Exercise: Count the lines of the records below that hold the word "fastforce", and give only the number.

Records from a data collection
+ + +
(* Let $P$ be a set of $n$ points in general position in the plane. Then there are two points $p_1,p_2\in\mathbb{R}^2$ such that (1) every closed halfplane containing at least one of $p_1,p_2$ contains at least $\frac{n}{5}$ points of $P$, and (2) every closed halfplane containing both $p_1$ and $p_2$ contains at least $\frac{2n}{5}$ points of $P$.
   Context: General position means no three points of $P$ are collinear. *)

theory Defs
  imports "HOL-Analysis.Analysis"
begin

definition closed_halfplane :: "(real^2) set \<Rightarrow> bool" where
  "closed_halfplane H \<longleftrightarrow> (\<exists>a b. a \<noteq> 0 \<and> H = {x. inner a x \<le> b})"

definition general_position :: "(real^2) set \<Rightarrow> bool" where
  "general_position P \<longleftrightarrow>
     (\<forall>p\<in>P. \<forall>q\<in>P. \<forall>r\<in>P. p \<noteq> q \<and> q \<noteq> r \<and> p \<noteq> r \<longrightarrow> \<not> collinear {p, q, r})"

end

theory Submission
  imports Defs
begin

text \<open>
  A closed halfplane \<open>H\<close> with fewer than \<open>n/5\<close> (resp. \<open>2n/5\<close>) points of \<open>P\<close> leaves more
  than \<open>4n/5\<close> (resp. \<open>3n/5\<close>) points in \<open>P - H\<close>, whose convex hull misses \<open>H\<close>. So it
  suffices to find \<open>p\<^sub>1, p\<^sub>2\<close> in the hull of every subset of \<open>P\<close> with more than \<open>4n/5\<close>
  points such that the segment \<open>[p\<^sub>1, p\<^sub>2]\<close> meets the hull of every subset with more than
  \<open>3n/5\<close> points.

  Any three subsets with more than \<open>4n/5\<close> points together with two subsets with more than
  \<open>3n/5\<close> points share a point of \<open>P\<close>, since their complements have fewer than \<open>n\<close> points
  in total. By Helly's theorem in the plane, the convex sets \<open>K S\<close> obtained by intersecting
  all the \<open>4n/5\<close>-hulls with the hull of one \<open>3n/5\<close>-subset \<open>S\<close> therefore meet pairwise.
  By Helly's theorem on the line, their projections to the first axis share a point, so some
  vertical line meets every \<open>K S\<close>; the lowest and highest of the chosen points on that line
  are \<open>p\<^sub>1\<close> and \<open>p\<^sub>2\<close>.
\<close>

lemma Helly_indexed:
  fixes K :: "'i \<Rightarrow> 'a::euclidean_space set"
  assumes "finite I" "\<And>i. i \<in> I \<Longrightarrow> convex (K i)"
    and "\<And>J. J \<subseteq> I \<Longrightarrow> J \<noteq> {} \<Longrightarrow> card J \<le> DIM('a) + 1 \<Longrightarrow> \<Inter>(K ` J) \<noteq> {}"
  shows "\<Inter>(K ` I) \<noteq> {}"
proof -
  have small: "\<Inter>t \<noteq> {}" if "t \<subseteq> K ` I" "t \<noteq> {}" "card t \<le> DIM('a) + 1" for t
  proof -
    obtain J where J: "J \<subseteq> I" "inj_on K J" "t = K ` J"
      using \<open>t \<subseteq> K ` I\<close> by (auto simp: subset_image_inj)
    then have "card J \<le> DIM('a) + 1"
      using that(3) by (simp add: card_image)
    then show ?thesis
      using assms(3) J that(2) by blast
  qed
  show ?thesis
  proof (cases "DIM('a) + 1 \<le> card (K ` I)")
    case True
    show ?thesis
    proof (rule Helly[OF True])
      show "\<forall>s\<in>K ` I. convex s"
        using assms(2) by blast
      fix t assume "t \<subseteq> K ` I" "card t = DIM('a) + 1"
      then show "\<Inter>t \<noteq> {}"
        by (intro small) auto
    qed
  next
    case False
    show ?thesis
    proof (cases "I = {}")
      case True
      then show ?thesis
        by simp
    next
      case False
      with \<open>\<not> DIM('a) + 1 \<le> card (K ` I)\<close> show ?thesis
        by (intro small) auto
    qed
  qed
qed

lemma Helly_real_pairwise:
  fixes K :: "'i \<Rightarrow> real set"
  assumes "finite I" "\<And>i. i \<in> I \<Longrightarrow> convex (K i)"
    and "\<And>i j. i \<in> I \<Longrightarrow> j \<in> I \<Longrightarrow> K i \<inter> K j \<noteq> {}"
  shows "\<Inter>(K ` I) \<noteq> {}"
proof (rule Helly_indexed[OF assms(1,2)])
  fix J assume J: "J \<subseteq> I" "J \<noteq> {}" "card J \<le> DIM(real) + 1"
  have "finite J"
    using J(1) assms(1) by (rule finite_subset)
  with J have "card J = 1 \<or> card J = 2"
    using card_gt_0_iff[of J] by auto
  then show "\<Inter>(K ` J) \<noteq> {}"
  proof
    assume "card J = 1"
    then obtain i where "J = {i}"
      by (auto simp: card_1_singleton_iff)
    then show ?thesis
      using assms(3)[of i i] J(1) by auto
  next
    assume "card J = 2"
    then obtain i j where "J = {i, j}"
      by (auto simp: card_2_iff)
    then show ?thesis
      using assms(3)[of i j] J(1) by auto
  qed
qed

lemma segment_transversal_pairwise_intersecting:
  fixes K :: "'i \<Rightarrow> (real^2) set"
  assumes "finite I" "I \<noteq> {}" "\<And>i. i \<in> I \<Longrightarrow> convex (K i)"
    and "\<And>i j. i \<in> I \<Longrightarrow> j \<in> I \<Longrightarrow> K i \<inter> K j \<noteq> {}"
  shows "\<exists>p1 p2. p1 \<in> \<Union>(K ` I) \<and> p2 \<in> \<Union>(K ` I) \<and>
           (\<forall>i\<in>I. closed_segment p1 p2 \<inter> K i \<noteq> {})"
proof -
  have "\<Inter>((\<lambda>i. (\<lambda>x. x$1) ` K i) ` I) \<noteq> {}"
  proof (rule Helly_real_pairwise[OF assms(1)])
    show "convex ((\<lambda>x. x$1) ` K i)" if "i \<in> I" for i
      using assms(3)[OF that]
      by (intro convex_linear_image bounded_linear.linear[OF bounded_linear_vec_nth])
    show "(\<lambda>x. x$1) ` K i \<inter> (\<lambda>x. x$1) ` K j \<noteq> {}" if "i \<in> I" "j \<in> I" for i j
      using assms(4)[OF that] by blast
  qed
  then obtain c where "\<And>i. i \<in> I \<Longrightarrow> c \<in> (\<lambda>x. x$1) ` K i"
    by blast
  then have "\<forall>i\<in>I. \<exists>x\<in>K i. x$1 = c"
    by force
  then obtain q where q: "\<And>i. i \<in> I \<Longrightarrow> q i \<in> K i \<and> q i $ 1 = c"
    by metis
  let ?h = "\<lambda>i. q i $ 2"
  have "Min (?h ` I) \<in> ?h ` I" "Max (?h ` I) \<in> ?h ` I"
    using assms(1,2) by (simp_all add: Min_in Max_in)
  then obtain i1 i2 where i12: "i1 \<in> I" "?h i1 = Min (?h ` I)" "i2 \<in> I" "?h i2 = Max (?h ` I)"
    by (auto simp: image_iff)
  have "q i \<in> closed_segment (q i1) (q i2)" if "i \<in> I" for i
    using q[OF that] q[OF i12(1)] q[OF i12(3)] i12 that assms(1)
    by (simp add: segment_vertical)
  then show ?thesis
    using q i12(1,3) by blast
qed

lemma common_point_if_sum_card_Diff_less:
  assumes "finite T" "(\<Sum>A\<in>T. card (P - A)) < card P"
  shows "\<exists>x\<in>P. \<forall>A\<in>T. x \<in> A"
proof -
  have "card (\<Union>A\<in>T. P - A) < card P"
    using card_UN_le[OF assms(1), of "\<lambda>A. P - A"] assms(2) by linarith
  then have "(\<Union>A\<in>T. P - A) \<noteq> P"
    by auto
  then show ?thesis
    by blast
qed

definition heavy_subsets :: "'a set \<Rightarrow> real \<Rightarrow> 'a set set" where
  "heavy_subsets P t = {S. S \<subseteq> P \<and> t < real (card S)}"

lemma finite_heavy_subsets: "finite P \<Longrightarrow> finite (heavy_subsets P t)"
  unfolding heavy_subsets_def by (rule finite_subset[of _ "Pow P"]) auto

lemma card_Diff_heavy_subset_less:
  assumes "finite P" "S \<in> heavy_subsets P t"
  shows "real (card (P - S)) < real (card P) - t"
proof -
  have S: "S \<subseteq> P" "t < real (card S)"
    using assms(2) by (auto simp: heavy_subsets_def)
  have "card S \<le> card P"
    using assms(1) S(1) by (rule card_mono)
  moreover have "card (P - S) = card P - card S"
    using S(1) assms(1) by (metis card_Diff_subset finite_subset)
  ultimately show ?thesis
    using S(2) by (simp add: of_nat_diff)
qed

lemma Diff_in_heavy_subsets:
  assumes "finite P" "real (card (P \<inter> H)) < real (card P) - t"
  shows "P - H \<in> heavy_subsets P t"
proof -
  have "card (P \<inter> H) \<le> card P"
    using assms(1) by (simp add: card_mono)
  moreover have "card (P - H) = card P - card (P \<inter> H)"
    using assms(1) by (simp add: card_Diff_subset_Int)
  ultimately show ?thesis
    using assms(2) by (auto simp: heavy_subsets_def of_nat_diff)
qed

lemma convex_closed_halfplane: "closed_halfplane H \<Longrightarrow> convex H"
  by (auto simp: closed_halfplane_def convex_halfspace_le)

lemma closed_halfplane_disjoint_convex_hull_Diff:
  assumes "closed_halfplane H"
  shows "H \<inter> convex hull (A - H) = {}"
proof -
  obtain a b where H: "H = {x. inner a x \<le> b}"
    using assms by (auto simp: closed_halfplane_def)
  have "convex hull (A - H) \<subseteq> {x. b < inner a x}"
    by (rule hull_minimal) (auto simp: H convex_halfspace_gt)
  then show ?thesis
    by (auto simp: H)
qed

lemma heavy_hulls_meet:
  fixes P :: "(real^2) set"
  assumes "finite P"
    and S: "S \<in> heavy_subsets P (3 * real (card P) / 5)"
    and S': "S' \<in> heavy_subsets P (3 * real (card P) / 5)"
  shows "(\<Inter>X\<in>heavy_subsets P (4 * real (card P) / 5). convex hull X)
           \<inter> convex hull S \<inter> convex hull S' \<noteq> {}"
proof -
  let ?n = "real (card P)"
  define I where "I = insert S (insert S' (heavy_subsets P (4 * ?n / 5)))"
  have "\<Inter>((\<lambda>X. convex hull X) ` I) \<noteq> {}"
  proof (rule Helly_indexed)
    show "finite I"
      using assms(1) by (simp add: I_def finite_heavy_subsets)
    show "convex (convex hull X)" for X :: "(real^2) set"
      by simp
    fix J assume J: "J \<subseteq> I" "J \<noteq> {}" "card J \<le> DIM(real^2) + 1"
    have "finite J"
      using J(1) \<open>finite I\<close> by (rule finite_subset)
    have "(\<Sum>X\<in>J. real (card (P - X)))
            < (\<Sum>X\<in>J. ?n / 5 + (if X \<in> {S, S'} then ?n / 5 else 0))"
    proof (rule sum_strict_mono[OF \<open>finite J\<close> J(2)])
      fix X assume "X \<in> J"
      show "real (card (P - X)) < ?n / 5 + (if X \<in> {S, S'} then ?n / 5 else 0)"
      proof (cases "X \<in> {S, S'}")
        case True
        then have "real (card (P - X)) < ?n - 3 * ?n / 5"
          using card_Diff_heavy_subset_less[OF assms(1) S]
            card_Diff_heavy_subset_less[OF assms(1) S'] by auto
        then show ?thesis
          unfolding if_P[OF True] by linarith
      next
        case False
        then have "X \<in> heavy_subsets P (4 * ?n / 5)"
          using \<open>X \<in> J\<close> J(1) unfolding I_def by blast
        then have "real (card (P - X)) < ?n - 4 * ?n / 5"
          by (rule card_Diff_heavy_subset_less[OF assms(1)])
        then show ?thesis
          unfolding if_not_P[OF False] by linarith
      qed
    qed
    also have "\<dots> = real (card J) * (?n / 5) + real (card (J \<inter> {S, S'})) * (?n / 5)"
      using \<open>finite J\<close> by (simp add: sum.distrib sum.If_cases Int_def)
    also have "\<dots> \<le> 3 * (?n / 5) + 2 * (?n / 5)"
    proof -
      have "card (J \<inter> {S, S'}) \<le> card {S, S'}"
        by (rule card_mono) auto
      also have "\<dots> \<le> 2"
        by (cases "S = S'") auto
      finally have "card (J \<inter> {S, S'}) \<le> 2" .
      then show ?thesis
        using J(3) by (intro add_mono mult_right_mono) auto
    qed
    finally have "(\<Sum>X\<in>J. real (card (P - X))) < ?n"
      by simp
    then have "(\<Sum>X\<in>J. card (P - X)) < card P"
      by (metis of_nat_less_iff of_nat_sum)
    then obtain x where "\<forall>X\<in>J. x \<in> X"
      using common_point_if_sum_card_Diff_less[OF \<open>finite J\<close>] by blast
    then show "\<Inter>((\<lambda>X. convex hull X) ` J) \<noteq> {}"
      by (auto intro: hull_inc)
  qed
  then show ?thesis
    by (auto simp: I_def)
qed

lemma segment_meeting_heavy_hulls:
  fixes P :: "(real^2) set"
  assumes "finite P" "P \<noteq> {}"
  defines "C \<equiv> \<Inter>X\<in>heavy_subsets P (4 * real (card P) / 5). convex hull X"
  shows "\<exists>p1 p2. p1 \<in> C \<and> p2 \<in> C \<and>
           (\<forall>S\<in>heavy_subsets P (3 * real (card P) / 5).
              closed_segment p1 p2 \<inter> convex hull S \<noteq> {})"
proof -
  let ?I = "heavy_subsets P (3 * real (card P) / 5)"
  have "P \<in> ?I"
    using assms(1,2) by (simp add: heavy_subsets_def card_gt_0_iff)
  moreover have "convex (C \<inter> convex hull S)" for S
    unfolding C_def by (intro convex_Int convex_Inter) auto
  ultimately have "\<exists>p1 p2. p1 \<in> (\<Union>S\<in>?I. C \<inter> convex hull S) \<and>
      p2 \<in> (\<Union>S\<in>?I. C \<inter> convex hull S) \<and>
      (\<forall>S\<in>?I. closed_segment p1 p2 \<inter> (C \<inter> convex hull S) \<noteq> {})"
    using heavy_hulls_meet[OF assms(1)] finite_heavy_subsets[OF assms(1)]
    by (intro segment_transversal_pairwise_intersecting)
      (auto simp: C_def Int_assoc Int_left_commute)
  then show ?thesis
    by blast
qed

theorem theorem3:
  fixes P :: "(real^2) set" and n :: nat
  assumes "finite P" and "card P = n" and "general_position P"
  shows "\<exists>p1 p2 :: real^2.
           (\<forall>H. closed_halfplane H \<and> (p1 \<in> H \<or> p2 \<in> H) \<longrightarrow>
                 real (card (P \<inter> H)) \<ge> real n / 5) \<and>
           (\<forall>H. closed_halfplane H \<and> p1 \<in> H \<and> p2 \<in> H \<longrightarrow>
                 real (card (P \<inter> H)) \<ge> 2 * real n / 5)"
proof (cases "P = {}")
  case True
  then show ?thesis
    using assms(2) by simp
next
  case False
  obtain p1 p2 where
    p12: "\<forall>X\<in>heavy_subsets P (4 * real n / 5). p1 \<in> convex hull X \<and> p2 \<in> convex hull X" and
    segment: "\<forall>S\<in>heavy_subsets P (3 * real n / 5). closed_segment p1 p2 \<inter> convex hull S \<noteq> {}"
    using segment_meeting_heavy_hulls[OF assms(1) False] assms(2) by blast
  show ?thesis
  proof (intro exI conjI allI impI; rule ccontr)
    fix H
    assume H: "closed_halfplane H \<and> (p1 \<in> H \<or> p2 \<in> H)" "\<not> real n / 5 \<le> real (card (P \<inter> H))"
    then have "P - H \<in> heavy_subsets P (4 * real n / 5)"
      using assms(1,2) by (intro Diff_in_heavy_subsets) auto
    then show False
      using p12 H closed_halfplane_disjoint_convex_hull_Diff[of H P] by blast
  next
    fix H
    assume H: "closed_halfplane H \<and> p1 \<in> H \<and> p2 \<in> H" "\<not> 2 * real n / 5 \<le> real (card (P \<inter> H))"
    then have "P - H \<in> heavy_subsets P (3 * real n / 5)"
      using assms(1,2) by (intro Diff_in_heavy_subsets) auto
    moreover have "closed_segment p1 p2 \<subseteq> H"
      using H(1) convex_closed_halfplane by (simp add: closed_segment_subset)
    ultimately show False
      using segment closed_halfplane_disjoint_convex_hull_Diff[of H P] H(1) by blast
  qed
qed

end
+ + +
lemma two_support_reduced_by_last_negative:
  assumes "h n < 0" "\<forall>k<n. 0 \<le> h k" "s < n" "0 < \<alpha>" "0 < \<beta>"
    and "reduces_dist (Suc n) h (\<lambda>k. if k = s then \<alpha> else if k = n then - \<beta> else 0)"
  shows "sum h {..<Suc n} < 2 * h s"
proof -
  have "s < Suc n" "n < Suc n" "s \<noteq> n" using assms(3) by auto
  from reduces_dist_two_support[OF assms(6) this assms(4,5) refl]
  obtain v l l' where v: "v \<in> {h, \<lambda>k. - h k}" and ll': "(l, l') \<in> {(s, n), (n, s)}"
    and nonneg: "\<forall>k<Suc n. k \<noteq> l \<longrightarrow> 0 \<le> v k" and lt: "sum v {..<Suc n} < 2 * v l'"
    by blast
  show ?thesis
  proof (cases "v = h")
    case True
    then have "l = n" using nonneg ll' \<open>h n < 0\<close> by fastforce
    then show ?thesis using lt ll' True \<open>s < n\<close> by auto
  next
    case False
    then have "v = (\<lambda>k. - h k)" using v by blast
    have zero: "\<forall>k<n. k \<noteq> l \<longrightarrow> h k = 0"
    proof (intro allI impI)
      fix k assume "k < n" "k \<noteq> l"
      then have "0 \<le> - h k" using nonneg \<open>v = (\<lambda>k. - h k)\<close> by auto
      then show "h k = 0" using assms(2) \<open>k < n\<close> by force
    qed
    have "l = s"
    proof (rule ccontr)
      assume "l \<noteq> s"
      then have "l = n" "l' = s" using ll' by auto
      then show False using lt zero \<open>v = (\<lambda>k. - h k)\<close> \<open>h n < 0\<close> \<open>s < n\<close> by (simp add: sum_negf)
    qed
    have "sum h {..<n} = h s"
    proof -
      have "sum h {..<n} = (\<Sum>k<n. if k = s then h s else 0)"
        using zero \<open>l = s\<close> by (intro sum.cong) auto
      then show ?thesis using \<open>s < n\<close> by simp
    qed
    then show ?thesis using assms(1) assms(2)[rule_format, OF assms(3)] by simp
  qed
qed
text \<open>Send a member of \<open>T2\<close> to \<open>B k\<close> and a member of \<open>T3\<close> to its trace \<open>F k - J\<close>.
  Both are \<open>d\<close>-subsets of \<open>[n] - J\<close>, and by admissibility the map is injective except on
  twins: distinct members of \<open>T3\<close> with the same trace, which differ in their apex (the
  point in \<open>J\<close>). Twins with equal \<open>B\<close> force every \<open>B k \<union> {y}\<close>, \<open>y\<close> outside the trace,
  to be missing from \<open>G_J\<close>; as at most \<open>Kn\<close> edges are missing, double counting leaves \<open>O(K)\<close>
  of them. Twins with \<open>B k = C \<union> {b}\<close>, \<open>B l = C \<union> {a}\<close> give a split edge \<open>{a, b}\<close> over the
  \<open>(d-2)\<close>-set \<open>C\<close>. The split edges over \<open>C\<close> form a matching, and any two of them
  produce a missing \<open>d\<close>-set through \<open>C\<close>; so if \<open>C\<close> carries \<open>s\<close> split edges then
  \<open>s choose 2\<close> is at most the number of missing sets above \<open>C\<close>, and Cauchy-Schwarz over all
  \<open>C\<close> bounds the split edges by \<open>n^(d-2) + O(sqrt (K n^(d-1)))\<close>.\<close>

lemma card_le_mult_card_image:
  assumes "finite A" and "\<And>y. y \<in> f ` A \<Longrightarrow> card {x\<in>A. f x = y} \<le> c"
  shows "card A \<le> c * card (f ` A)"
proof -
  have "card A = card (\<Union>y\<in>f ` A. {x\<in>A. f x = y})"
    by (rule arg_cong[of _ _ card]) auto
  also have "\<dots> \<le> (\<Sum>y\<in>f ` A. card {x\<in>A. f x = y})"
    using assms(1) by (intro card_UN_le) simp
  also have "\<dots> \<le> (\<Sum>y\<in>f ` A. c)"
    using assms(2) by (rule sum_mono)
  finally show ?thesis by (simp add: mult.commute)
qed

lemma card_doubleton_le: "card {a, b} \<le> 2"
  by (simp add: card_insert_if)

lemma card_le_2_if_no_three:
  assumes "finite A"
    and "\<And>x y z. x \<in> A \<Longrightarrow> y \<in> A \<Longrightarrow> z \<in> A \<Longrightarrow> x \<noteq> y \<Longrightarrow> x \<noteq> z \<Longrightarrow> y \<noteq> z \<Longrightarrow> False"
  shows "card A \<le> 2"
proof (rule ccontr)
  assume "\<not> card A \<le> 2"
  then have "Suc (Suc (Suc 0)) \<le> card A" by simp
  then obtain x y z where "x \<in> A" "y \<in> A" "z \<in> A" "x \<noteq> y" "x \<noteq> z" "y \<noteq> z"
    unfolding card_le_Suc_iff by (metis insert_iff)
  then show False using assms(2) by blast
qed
+ + +
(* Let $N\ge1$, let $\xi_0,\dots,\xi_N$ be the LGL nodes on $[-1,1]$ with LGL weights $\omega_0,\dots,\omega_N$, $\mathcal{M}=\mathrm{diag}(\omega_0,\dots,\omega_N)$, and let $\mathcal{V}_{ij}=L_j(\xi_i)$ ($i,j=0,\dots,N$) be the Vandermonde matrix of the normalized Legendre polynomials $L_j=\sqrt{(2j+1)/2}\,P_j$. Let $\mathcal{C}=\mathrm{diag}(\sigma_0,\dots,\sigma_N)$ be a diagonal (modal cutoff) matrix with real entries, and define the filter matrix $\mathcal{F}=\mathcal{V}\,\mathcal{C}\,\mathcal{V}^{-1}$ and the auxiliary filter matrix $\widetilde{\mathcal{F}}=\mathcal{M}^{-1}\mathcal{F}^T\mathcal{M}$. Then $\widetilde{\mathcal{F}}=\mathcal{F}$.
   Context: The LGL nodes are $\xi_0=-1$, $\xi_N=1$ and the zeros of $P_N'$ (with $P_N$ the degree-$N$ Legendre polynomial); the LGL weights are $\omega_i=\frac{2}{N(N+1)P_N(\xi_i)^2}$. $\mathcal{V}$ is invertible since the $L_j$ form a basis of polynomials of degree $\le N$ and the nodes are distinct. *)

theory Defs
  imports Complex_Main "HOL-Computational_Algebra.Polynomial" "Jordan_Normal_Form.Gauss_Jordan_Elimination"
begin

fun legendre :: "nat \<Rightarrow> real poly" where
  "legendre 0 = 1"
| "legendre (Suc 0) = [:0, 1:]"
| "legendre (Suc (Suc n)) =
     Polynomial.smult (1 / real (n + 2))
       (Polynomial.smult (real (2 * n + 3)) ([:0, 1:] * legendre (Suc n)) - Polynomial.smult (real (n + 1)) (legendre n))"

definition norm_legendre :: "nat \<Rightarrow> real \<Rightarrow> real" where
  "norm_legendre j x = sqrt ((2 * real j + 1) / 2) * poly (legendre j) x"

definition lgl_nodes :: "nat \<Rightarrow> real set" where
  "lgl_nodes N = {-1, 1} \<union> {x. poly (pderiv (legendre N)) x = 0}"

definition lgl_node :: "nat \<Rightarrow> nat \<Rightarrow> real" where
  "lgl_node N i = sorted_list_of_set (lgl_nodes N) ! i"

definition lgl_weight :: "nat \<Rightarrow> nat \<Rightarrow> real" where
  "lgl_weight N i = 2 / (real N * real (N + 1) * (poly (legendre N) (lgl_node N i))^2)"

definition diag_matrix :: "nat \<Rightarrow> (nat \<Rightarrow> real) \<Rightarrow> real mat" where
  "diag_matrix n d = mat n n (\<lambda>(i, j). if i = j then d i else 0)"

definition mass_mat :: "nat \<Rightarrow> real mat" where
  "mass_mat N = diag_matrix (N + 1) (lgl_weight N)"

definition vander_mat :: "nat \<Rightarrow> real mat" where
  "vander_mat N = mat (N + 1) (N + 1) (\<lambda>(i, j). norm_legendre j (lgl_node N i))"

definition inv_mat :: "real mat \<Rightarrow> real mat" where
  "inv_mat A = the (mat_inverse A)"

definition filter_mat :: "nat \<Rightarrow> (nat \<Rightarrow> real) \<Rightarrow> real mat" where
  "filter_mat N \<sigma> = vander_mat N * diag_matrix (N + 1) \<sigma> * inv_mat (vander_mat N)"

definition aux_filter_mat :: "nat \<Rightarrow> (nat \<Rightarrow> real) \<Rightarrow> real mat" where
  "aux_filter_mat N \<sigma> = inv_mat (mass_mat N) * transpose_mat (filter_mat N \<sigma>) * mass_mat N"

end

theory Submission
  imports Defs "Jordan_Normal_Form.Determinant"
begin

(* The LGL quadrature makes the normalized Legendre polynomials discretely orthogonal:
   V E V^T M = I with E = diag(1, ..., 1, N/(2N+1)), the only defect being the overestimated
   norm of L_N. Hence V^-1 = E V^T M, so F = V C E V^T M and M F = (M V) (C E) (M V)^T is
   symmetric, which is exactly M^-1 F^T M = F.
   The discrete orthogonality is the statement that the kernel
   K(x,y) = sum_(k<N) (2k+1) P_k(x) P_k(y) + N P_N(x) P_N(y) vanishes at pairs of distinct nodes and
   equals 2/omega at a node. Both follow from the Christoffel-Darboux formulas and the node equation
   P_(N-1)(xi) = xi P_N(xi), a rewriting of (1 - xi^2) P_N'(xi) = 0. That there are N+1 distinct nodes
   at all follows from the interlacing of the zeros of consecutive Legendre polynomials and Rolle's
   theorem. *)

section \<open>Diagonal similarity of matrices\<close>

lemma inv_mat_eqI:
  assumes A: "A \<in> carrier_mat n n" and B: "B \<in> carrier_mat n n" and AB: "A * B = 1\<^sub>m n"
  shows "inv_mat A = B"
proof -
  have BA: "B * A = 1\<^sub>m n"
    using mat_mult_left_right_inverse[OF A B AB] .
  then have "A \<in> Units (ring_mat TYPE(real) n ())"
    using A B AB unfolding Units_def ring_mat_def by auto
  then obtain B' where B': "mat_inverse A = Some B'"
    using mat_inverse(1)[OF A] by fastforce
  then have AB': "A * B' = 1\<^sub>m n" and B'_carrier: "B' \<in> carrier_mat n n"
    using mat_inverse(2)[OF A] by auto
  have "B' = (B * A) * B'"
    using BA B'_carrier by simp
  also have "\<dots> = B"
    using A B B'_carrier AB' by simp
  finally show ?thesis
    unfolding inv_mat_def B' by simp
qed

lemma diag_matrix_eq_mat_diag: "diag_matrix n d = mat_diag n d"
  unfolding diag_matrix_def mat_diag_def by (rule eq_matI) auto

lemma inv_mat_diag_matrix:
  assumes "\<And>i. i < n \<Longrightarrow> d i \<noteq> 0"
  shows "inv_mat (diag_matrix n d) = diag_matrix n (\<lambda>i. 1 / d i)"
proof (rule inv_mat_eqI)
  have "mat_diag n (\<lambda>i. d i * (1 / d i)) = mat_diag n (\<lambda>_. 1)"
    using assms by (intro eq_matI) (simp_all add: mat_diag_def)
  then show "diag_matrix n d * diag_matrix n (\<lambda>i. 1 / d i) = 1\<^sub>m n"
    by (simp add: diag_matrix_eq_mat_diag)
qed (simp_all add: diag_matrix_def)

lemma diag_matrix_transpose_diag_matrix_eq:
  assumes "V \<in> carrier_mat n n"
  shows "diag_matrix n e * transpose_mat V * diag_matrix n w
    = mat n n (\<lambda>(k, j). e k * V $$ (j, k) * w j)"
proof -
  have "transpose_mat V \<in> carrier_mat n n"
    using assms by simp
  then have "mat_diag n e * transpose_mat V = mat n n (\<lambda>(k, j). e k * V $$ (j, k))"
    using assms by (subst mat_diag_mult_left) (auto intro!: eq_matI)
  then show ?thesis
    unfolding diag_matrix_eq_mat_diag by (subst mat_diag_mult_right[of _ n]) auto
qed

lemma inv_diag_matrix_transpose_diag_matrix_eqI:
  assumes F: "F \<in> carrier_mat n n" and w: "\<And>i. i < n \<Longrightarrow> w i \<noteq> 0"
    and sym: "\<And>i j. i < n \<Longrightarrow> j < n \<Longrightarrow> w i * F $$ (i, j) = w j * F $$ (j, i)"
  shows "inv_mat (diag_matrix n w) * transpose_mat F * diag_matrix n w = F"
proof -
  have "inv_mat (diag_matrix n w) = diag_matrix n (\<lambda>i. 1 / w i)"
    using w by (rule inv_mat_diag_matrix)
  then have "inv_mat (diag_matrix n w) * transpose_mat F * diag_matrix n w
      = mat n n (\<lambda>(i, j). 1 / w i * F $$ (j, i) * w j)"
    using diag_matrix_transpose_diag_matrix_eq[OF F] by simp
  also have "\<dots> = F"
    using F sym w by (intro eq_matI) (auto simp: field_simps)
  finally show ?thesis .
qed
+ + +
Your solution: 2